What are the responsibilities and job description for the Sr. Continuous Improvement Engineer position at DSJ Global?
AI & Process Improvement Lead
Position Overview
A growing organization is expanding its process transformation capabilities through the development of an Artificial Intelligence (AI) and Operational Excellence program aimed at improving decision-making, process performance, and automation across business and operational functions.
The AI & Process Improvement Lead serves as both a technical practitioner and strategic leader, combining process improvement methodologies with advanced analytics, machine learning, digital modeling, and automation technologies to drive measurable improvements in safety, quality, productivity, reliability, and cost performance.
This position leads high-impact initiatives from concept through implementation, utilizing data-driven problem solving, experimentation, and cross-functional collaboration to develop scalable solutions. The role supports enterprise adoption of advanced analytics and AI-enabled decision-making while promoting continuous improvement practices throughout the organization.
- Lead improvement initiatives using a structured process-improvement framework combined with advanced analytics and artificial intelligence technologies.
- Partner with operations, engineering, business, and continuous improvement teams to standardize and scale successful solutions across multiple sites and business functions.
- Support development of data-driven operational systems through predictive analytics, process simulation, optimization techniques, advanced process control, and automated decision support.
- Apply statistical analysis, machine learning, forecasting, anomaly detection, and optimization methods to identify trends, uncover performance opportunities, and support informed decision-making.
- Leverage generative AI and large language models to improve knowledge management, enhance data accessibility, and streamline workflows.
- Identify opportunities to automate repetitive or transactional processes to improve efficiency, accuracy, and resource utilization.
- Manage projects from initiation through sustainment, including scope development, stakeholder engagement, timeline management, and benefit tracking.
- Complete advanced training in process improvement and AI methodologies; provide mentoring and coaching to engineers, analysts, and operational personnel as needed.
- Promote disciplined experimentation, statistical process control, and hypothesis-driven analysis.
- Develop an understanding of data governance, model lifecycle management, deployment practices, monitoring, and model maintenance to ensure reliable solutions.
- Maintain appropriate documentation, governance practices, and change-management controls.
- Lead organizational change efforts that encourage adoption of new technologies and processes.
- Create and maintain metrics, dashboards, standard work, and implementation guides that support repeatable success.
- Demonstrate strong commitment to ethical conduct, safety, quality, operational excellence, and business performance.
- Ensure solutions comply with applicable regulations, organizational policies, cybersecurity standards, and data protection requirements.
- Travel periodically to operational and corporate locations to support assessments, implementation activities, training, and knowledge transfer.
- Bachelor's degree in Engineering, Computer Science, Data Science, Mathematics, or a related STEM discipline, or an equivalent combination of education and relevant experience.

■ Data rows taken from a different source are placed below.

definition H_tan :: "(real \<Rightarrow> real) \<Rightarrow> (real \<Rightarrow> real) \<Rightarrow> real \<Rightarrow> real" where
  "H_tan psi psi' r = - ((psi' r)\<^sup>2 - 1) / (psi r)\<^sup>2"

end

theory Submission
  imports Defs
begin

(*
  In polar coordinates the volume of the model is dv_g = psi(r)^n dr d(omega) with n = N - 1,
  so it suffices to prove, for every direction omega, a one-dimensional inequality for the
  radial derivative w(r) of u along the ray through omega.  With
    P = psi^n (w' + n (psi'/psi) w)^2,
    Q = psi^n w^2 ((n/2)^2 + 1/(4 r^2) + ((n+1)^2 - 1)/(4 psi^2)),
    B = w^2 psi^n/(2 r) + (n/2) psi' psi^(n-1) w^2
  one checks the identity
    P - Q - B' = psi^n (w' + (n/2)(psi'/psi) w - w/(2 r))^2
                 + psi^n w^2 ((n/2)^2 (psi''/psi - 1) + ((n/2)^2 + n/2) ((psi'^2 - 1)/psi^2 - psi''/psi)).
  The hypotheses K_rad <= -1 and H_tan <= K_rad say exactly that both curvature brackets are
  nonnegative, and B vanishes at r = 0 (as psi(0) = 0 and n >= 2) and beyond the support of u.
  Integrating over r > 0 gives the inequality on every ray, and hence on M.
*)

section \<open>Polar coordinates\<close>

definition ray_integral :: "('a::euclidean_space \<Rightarrow> ennreal) \<Rightarrow> 'a \<Rightarrow> ennreal" where
  "ray_integral f \<omega> = (\<integral>\<^sup>+r\<in>{0<..}. f (r *\<^sub>R \<omega>) * ennreal (r ^ (DIM('a) - 1)) \<partial>lborel)"

lemma nn_integral_inverse_Icc:
  assumes "0 < a" "a \<le> b"
  shows "(\<integral>\<^sup>+t\<in>{a..b}. ennreal (1 / t) \<partial>lborel) = ennreal (ln b - ln a)"
proof -
  have "((\<lambda>t. 1 / t) has_integral (ln b - ln a)) {a..b}"
  proof (rule fundamental_theorem_of_calculus)
    show "(ln has_vector_derivative 1 / t) (at t within {a..b})" if "t \<in> {a..b}" for t
      using that assms
      by (auto intro!: derivative_eq_intros simp flip: has_real_derivative_iff_has_vector_derivative)
  qed fact
  then show ?thesis
    using assms by (intro nn_integral_has_integral_lebesgue') auto
qed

- Several years of experience in process improvement, manufacturing operations, analytics, automation, engineering, or related technical fields.
- Strong interest in applying artificial intelligence and advanced analytics to solve business and operational challenges.
- Ability to learn and utilize technical systems, operational technologies, and large datasets.
- Foundational understanding of analytical model development, deployment, and maintenance, with a willingness to expand expertise in model lifecycle management practices.
- Strong verbal and written communication skills with the ability to translate technical concepts for non-technical audiences.
- Proven ability to lead cross-functional initiatives and drive results through influence, collaboration, and change management.
Analytical Thinking
Ability to interpret complex information, design experiments, and evaluate data-driven solutions.
Knowledge of machine learning, artificial intelligence, statistical methods, data engineering, and operational systems.
Applies structured methodologies and quantitative analysis to identify root causes and develop effective solutions.
Successfully manages priorities, resources, risks, and project execution.
Facilitates adoption of new technologies and processes while overcoming organizational barriers.
Effectively presents ideas and findings to both technical and business stakeholders.
Promotes repeatability, accuracy, sustainability, and measurable business value.
Aligns improvement initiatives with organizational objectives and measurable outcomes.